What you are asked to do: Starting at the first line of the entries below, output every line exactly, up to and including the line with "t)) \<le> f (s(i := s".

───── Excerpted records

section \<open>Two consequences of strong-SOS for a single agent\<close>

lemma strong_SOS_bucket_bound:
  fixes f :: "('a::finite \<Rightarrow> nat) \<Rightarrow> real"
  assumes mono: "weakly_incr_on k f" and sos: "strong_SOS_on k f"
    and nonneg: "\<And>q. in_dom k q \<Longrightarrow> 0 \<le> f q"
    and s: "in_dom k s" and t: "t \<le> s i" "s i < 2 * t"
    and sb: "\<forall>j. sb j \<le> s j" "sb i = t"
  shows "f s - f (s(i := 0)) \<le> 2 * f sb"
proof -
  have sik: "s i < k"
    using s unfolding in_dom_def by blast
  have dom_t: "in_dom k (s(i := t))" and dom_0: "in_dom k (s(i := 0))"
    by (rule in_dom_mono[OF s]; use t in simp)+
  have "f s - f (s(i := t)) \<le> f (s(i := s i - t)) - f (s(i := 0))"
    using strong_SOS_onD[OF sos dom_t, of "s(i := 0)" i "s i - t"] t sik by simp
  also have "f (s(i := s i - t)) \<le> f (s(i := t))"
    by (rule weakly_incr_on_mono[OF mono dom_t]) (use t in simp)
  finally have upper: "f s - f (s(i := t)) \<le> f (s(i := t)) - f (s(i := 0))"
    by linarith
  have "f (s(i := t)) - f (s(i := 0)) \<le> f sb - f (sb(i := 0))"
    using strong_SOS_onD[OF sos dom_0, of "sb(i := 0)" i t] sb t sik
    by (simp add: fun_upd_idem)
  moreover have "0 \<le> f (sb(i := 0))"
    by (intro nonneg in_dom_mono[OF dom_0]) (use sb in simp)
  ultimately show ?thesis
    using upper by linarith
qed

lemma strong_SOS_split_bound:
  fixes f :: "('a::finite \<Rightarrow> nat) \<Rightarrow> real"
  assumes sos: "strong_SOS_on k f"
    and nonneg: "\<And>q. in_dom k q \<Longrightarrow> 0 \<le> f q"
    and s: "in_dom k s" and AB: "A \<inter> B = {}" "A \<union> B = - {i}"
  shows "f (s(i := 0)) \<le> f (\<lambda>j. if j \<in> A then s j else 0) + f (\<lambda>j. if j \<in> B then s j else 0)"
proof -
  let ?sB = "\<lambda>j. if j \<in> B then s j else 0" and ?zero = "\<lambda>j::'a. 0::nat"
  have "in_dom k ?sB"
    by (rule in_dom_mono[OF s]) simp
  then have "f (override_on ?sB s A) - f ?sB \<le> f (override_on ?zero s A) - f ?zero"
    by (rule strong_SOS_on_override[OF sos _ s]) (use AB in auto)
  moreover have "override_on ?sB s A = s(i := 0)"
    using AB by (auto simp: override_on_def fun_eq_iff)
  moreover have "override_on ?zero s A = (\<lambda>j. if j \<in> A then s j else 0)"
    by (auto simp: override_on_def)
  ultimately have "f (s(i := 0)) - f ?sB \<le> f (\<lambda>j. if j \<in> A then s j else 0) - f ?zero"
    by simp
  moreover have "0 \<le> f ?zero"
    by (intro nonneg in_dom_mono[OF s]) simp
  ultimately show ?thesis
    by linarith
qed

lemma card_subsets_avoiding: "card (UNIV :: 'a::finite set set) = 2 * card {A :: 'a set. i \<notin> A}"
proof -
  have "{A :: 'a set. i \<notin> A} = Pow (- {i})"
    by auto
  then have "card {A :: 'a set. i \<notin> A} = 2 ^ (CARD('a) - 1)"
    by (simp add: card_Pow Compl_eq_Diff_UNIV)
  moreover have "card (UNIV :: 'a set set) = 2 ^ CARD('a)"
    by (metis Pow_UNIV card_Pow finite_class.finite_UNIV)
  moreover have "0 < CARD('a)"
    by simp
  ultimately show ?thesis
    by (metis Suc_diff_1 power_Suc)
qed

lemma strong_SOS_sampling_bound:
  fixes f :: "('a::finite \<Rightarrow> nat) \<Rightarrow> real"
  assumes sos: "strong_SOS_on k f"
    and nonneg: "\<And>q. in_dom k q \<Longrightarrow> 0 \<le> f q"
    and s: "in_dom k s"
  shows "real (card (UNIV :: 'a set set)) / 4 * f (s(i := 0))
     \<le> (\<Sum>A\<in>UNIV. if i \<notin> A then f (\<lambda>j. if j \<in> A then s j else 0) else 0)"
proof -
  define S where "S = {A :: 'a set. i \<notin> A}"
  define g where "g = (\<lambda>A. f (\<lambda>j. if j \<in> A then s j else 0))"
  define co where "co = (\<lambda>A :: 'a set. - insert i A)"
  have co_co: "co (co A) = A" if "i \<notin> A" for A
    using that by (auto simp: co_def)
  have co_avoids: "i \<notin> co A" for A
    by (simp add: co_def)
  have sum_S: "(\<Sum>A\<in>UNIV. if i \<notin> A then g A else 0) = sum g S"
    unfolding S_def by (simp add: sum.inter_filter[symmetric])
  have sum_co: "sum g S = sum (g \<circ> co) S"
    by (rule sum.reindex_bij_witness[of S co co]) (auto simp: S_def co_co co_avoids)
  have "real (card S) * f (s(i := 0)) = (\<Sum>A\<in>S. f (s(i := 0)))"
    by simp
  also have "\<dots> \<le> (\<Sum>A\<in>S. g A + g (co A))"
    by (intro sum_mono, unfold g_def, rule strong_SOS_split_bound[OF sos nonneg s])
       (auto simp: S_def co_def)
  also have "\<dots> = 2 * sum g S"
    using sum_co by (simp add: sum.distrib)
  finally show ?thesis
    using card_subsets_avoiding[of i] sum_S unfolding S_def g_def by simp
qed

locale auction =
  fixes k :: nat
    and v :: "'a::finite \<Rightarrow> 'b::finite set \<Rightarrow> ('a \<Rightarrow> nat) \<Rightarrow> real"
    and sel :: "'a set \<Rightarrow> ('a \<Rightarrow> 'b set \<Rightarrow> real) \<Rightarrow> ('a \<Rightarrow> 'b set)"
  assumes valid: "valid_valuations k v"
    and selector: "welfare_selector sel"
begin

lemma v_nonneg: "in_dom k s \<Longrightarrow> 0 \<le> v i T s"
  using valid by (simp add: valid_valuations_def)

lemma v_empty [simp]: "v i {} s = 0"
  using valid by (simp add: valid_valuations_def)

lemma v_weakly_incr: "weakly_incr_on k (v i T)"
  using valid by (simp add: valid_valuations_def)

lemma v_strong_SOS: "strong_SOS_on k (v i T)"
  using valid by (simp add: valid_valuations_def)

lemma v_mono: "in_dom k q \<Longrightarrow> \<forall>j. p j \<le> q j \<Longrightarrow> v i T p \<le> v i T q"
  by (rule weakly_incr_on_mono[OF v_weakly_incr])

lemma sel_outside [simp]: "i \<notin> S \<Longrightarrow> sel S w i = {}"
  using selector by (simp add: welfare_selector_def alloc_among_def)

lemma sel_optimal: "alloc_among S X \<Longrightarrow> welfare w X \<le> welfare w (sel S w)"
  using selector by (simp add: welfare_selector_def)

lemma welfare_sel_lower_bound:
  assumes s: "in_dom k s" and below: "\<forall>j. p j \<le> s j" and Y: "alloc_among S Y"
  shows "welfare (\<lambda>i T. if i \<in> S then v i T p else 0) Y
     \<le> welfare (\<lambda>i T. v i T s) (sel S (\<lambda>i T. if i \<in> S then v i T p else 0))"
proof -
  let ?w = "\<lambda>i T. if i \<in> S then v i T p else 0" and ?X = "sel S (\<lambda>i T. if i \<in> S then v i T p else 0)"
  have "welfare ?w Y \<le> welfare ?w ?X"
    by (rule sel_optimal[OF Y])
  also have "\<dots> \<le> welfare (\<lambda>i T. v i T s) ?X"
    unfolding welfare_def by (intro sum_mono) (simp add: v_mono[OF s below] v_nonneg[OF s])
  finally show ?thesis .
qed

section \<open>Incentive compatibility\<close>

lemma bucket_mech_utility_low:
  "r i < 2 ^ (l - 1) \<Longrightarrow> utility v s i (bucket_mech sel v l r) = 0"
  by (simp add: bucket_mech_def Let_def utility_def)

lemma bucket_mech_utility_high:
  "2 ^ (l - 1) \<le> r i \<Longrightarrow> utility v s i (bucket_mech sel v l r) =
     v i (fst (bucket_mech sel v l r) i) s
       - v i (fst (bucket_mech sel v l r) i) (r(i := 2 ^ (l - 1) - 1))"
  by (simp add: bucket_mech_def Let_def utility_def)

lemma bucket_mech_utility_report_above:
  assumes "2 ^ (l - 1) \<le> r" "2 ^ (l - 1) \<le> s i"
  shows "utility v s i (bucket_mech sel v l (s(i := r))) = utility v s i (bucket_mech sel v l s)"
proof -
  let ?t = "2 ^ (l - 1) :: nat"
  have buckets: "{j. ?t \<le> (s(i := r)) j} = {j. ?t \<le> s j}"
    using assms by auto
  have capped: "(\<lambda>j. if j \<in> {j. ?t \<le> s j} then ?t else (s(i := r)) j)
      = (\<lambda>j. if j \<in> {j. ?t \<le> s j} then ?t else s j)"
    using assms by auto
  show ?thesis
    using assms unfolding bucket_mech_def Let_def utility_def buckets capped by simp
qed

lemma bucket_mech_IR:
  assumes s: "in_dom k s"
  shows "0 \<le> utility v s i (bucket_mech sel v l s)"
proof (cases "2 ^ (l - 1) \<le> s i")
  case True
  then show ?thesis
    using bucket_mech_utility_high v_mono[OF s, of "s(i := 2 ^ (l - 1) - 1)"] by simp
next
  case False
  then show ?thesis
    using bucket_mech_utility_low by simp
qed

lemma bucket_mech_IC_IR:
  assumes l: "2 ^ (l - 1) < k"
  shows "ex_post_IC_IR k v (bucket_mech sel v l)"
  unfolding ex_post_IC_IR_def
proof (intro allI impI conjI)
  fix s :: "'a \<Rightarrow> nat" and i
  assume s: "in_dom k s"
  let ?t = "2 ^ (l - 1) :: nat"
  show truthful: "0 \<le> utility v s i (bucket_mech sel v l s)"
    by (rule bucket_mech_IR[OF s])
  show "utility v s i (bucket_mech sel v l (s(i := r))) \<le> utility v s i (bucket_mech sel v l s)"
    if "r < k" for r
  proof -
    consider "r < ?t" | "?t \<le> r" "?t \<le> s i" | "?t \<le> r" "s i < ?t"
      by linarith
    then show ?thesis
    proof cases
      case 1
      then show ?thesis
        using bucket_mech_utility_low[of "s(i := r)"] truthful by simp
    next
      case 2
      then show ?thesis
        using bucket_mech_utility_report_above by simp
    next
      case 3
      have "in_dom k (s(i := ?t - 1))"
        using s l unfolding in_dom_def by auto
      then have "v i T s \<le> v i T (s(i := ?t - 1))" for T
        by (rule v_mono) (use 3 in auto)
      then have "utility v s i (bucket_mech sel v l (s(i := r))) \<le> 0"
        using bucket_mech_utility_high[of l "s(i := r)" i s] 3 by simp
      then show ?thesis
        using truthful by linarith
    qed
  qed
qed

lemma sampling_mech_IC_IR: "ex_post_IC_IR k v (sampling_mech sel v A)"
  unfolding ex_post_IC_IR_def
proof (intro allI impI conjI)
  fix s :: "'a \<Rightarrow> nat" and i
  assume s: "in_dom k s"
  show "0 \<le> utility v s i (sampling_mech sel v A s)"
    using v_nonneg[OF s] by (simp add: sampling_mech_def Let_def utility_def)
  have "(\<lambda>j. if j \<in> A then (s(i := r)) j else 0) = (\<lambda>j. if j \<in> A then s j else 0)" if "i \<notin> A" for r
    using that by auto
  then show "utility v s i (sampling_mech sel v A (s(i := r))) \<le> utility v s i (sampling_mech sel v A s)"
    for r
    by (cases "i \<in> A") (simp_all add: sampling_mech_def Let_def utility_def)
qed

end

lemma log2nat_power [simp]: "log2nat (2 ^ L) = L"
  unfolding log2nat_def by (simp add: log_nat_power)

lemma kSS_mech_Inl [simp]: "kSS_mech sel v (Inl l) = bucket_mech sel v l"
  by (simp add: kSS_mech_def fun_eq_iff)

lemma kSS_mech_Inr [simp]: "kSS_mech sel v (Inr A) = sampling_mech sel v A"
  by (simp add: kSS_mech_def fun_eq_iff)

lemma set_pmf_kSS_coins:
  assumes "1 \<le> log2nat k"
  shows "set_pmf (kSS_coins k) \<subseteq> Inl ` {1..log2nat k} \<union> range Inr"
  using assms unfolding kSS_coins_def by (auto split: if_splits)

lemma (in auction) kSS_mech_IC_IR:
  assumes "k = 2 ^ L" "1 \<le> L" "c \<in> set_pmf (kSS_coins k)"
  shows "ex_post_IC_IR k v (kSS_mech sel v c)"
proof -
  from assms set_pmf_kSS_coins[of k] consider l where "l \<in> {1..L}" "c = Inl l" | A where "c = Inr A"
    by auto
  then show ?thesis
  proof cases
    case 1
    have "l - 1 < L"
      using 1 by auto
    then have "(2::nat) ^ (l - 1) < k"
      using assms(1) by simp
    then show ?thesis
      using bucket_mech_IC_IR 1 by simp
  next
    case 2
    then show ?thesis
      using sampling_mech_IC_IR by simp
  qed
qed

section \<open>Welfare\<close>

lemma kSS_expectation:
  fixes F :: "nat + 'a::finite set \<Rightarrow> real"
  assumes L: "log2nat k = L" "1 \<le> L"
  shows "measure_pmf.expectation (kSS_coins k) F
     = (\<Sum>l\<in>{1..L}. F (Inl l)) / (real L + 2)
       + (\<Sum>A\<in>UNIV. F (Inr A)) * (2 / (real L + 2)) / real (card (UNIV :: 'a set set))"
proof -
  define p where "p = real L / (real L + 2)"
  define N where "N = real (card (UNIV :: 'a set set))"
  have coins: "kSS_coins k = bind_pmf (bernoulli_pmf p)
       (\<lambda>b. if b then map_pmf Inl (pmf_of_set {1..L}) else map_pmf Inr (pmf_of_set (UNIV :: 'a set set)))"
    unfolding kSS_coins_def p_def L(1) ..
  have p: "0 \<le> p" "p \<le> 1"
    unfolding p_def by auto
  have pmf_Inl: "pmf (kSS_coins k :: (nat + 'a set) pmf) (Inl l) = p / real L" if "l \<in> {1..L}" for l
    using p that unfolding coins pmf_bind
    by (auto simp: pmf_map_inj' pmf_eq_0_set_pmf)
  have pmf_Inr: "pmf (kSS_coins k) (Inr (A :: 'a set)) = (1 - p) / N" for A
    using p unfolding coins pmf_bind N_def
    by (auto simp: pmf_map_inj' pmf_eq_0_set_pmf)
  have "measure_pmf.expectation (kSS_coins k) F
      = (\<Sum>c\<in>Inl ` {1..L} \<union> range Inr. F c * pmf (kSS_coins k) c)"
    by (rule integral_measure_pmf_real) (use set_pmf_kSS_coins[of k] L in auto)
  also have "\<dots> = (\<Sum>l\<in>{1..L}. F (Inl l) * (p / real L)) + (\<Sum>A\<in>UNIV. F (Inr A) * ((1 - p) / N))"
    by (subst sum.union_disjoint) (auto simp: sum.reindex pmf_Inl pmf_Inr)
  also have "p / real L = 1 / (real L + 2)"
    using L(2) unfolding p_def by simp
  also have "1 - p = 2 / (real L + 2)"
    unfolding p_def by (simp add: field_simps)
  finally show ?thesis
    unfolding N_def by (simp add: sum_divide_distrib sum_distrib_right)
qed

──────────

Problem solution:
section \<open>Two consequences of strong-SOS for a single agent\<close>

lemma strong_SOS_bucket_bound:
  fixes f :: "('a::finite \<Rightarrow> nat) \<Rightarrow> real"
  assumes mono: "weakly_incr_on k f" and sos: "strong_SOS_on k f"
    and nonneg: "\<And>q. in_dom k q \<Longrightarrow> 0 \<le> f q"
    and s: "in_dom k s" and t: "t \<le> s i" "s i < 2 * t"
    and sb: "\<forall>j. sb j \<le> s j" "sb i = t"
  shows "f s - f (s(i := 0)) \<le> 2 * f sb"
proof -
  have sik: "s i < k"
    using s unfolding in_dom_def by blast
  have dom_t: "in_dom k (s(i := t))" and dom_0: "in_dom k (s(i := 0))"
    by (rule in_dom_mono[OF s]; use t in simp)+
  have "f s - f (s(i := t)) \<le> f (s(i := s i - t)) - f (s(i := 0))"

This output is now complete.